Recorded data
- Opening Delimiter -
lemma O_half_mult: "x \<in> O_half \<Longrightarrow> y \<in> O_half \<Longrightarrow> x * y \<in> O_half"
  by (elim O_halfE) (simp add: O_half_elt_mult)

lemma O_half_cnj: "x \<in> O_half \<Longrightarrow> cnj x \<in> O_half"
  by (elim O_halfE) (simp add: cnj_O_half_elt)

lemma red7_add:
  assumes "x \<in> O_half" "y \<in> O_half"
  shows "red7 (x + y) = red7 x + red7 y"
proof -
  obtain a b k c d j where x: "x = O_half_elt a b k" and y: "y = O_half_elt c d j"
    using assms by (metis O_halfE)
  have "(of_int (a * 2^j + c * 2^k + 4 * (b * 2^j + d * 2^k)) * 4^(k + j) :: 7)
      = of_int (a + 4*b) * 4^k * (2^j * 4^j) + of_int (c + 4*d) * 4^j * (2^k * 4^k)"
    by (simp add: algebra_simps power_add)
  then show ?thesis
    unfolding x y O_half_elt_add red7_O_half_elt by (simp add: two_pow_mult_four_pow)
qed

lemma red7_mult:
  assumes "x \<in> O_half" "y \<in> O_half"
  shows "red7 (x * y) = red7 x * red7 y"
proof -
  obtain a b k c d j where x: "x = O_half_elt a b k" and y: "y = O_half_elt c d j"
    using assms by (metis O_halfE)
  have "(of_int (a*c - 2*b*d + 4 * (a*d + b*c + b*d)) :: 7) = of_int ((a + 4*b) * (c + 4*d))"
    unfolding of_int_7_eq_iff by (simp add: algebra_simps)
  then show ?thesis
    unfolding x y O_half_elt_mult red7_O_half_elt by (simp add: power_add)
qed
- Closing Delimiter -
- Opening Delimiter -
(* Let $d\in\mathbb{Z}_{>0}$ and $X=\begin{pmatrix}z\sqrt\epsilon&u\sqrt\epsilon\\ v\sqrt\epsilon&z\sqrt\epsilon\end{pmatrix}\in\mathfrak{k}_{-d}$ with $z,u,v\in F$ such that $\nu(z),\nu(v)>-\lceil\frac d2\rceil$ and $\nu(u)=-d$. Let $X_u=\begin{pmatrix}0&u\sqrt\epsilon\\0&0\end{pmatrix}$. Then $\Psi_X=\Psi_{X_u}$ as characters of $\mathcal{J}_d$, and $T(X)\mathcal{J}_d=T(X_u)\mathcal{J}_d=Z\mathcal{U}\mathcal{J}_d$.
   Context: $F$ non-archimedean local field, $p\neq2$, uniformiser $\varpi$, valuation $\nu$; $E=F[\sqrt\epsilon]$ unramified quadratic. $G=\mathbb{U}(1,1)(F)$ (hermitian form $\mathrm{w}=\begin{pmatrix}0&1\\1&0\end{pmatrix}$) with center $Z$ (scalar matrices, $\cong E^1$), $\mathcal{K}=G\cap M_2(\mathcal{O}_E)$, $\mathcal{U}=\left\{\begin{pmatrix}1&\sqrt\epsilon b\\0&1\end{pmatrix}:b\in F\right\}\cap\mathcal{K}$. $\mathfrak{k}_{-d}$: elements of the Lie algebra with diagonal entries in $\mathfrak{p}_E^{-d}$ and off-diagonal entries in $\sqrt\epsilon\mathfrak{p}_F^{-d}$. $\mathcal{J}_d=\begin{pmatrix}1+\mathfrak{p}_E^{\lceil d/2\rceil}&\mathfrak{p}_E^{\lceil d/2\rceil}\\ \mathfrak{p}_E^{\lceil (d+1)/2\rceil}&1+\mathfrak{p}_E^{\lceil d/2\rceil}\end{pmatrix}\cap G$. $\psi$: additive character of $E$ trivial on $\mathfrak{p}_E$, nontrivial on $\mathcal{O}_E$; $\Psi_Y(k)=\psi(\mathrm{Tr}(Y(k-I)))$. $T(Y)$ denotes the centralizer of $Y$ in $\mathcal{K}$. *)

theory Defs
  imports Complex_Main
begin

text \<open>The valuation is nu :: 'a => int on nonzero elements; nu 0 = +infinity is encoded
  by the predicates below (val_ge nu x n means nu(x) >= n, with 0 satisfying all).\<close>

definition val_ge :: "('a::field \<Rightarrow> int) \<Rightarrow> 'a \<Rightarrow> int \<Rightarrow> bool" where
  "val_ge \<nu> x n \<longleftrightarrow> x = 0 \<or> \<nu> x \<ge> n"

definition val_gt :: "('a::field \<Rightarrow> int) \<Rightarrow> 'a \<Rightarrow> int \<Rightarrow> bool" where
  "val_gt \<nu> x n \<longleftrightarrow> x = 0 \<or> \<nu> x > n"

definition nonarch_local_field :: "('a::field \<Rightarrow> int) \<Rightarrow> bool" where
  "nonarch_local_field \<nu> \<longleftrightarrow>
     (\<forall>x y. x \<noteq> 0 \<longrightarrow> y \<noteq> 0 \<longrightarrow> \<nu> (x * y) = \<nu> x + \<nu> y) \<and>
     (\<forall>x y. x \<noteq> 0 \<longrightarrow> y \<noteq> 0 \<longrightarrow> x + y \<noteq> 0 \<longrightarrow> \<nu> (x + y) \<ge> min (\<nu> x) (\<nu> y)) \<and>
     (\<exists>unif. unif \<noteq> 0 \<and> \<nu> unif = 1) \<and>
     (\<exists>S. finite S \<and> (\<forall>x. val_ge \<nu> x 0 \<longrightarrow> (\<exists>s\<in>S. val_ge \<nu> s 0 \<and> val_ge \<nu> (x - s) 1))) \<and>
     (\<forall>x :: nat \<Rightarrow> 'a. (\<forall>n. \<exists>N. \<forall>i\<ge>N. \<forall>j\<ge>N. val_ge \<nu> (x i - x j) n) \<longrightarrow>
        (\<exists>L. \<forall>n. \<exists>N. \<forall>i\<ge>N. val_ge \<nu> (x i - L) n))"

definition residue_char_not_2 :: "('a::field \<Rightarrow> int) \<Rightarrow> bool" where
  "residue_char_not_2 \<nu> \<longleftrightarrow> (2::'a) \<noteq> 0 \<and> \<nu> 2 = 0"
- Closing Delimiter -
Work request → Copy out, in full, each line above that has the word "simp" in it.

Written reply →
  by (elim O_halfE) (simp add: O_half_elt_mult)
  by (elim O_halfE) (simp add: cnj_O_half_elt)
    by (simp add: algebra_simps power_add)
    unfolding x y O_half_elt_add red7_O_half_elt by (simp add: two_pow_mult_four_pow)
    unfolding of_int_7_eq_iff by (simp add: algebra_simps)
    unfolding x y O_half_elt_mult red7_O_half_elt by (simp add: power_add)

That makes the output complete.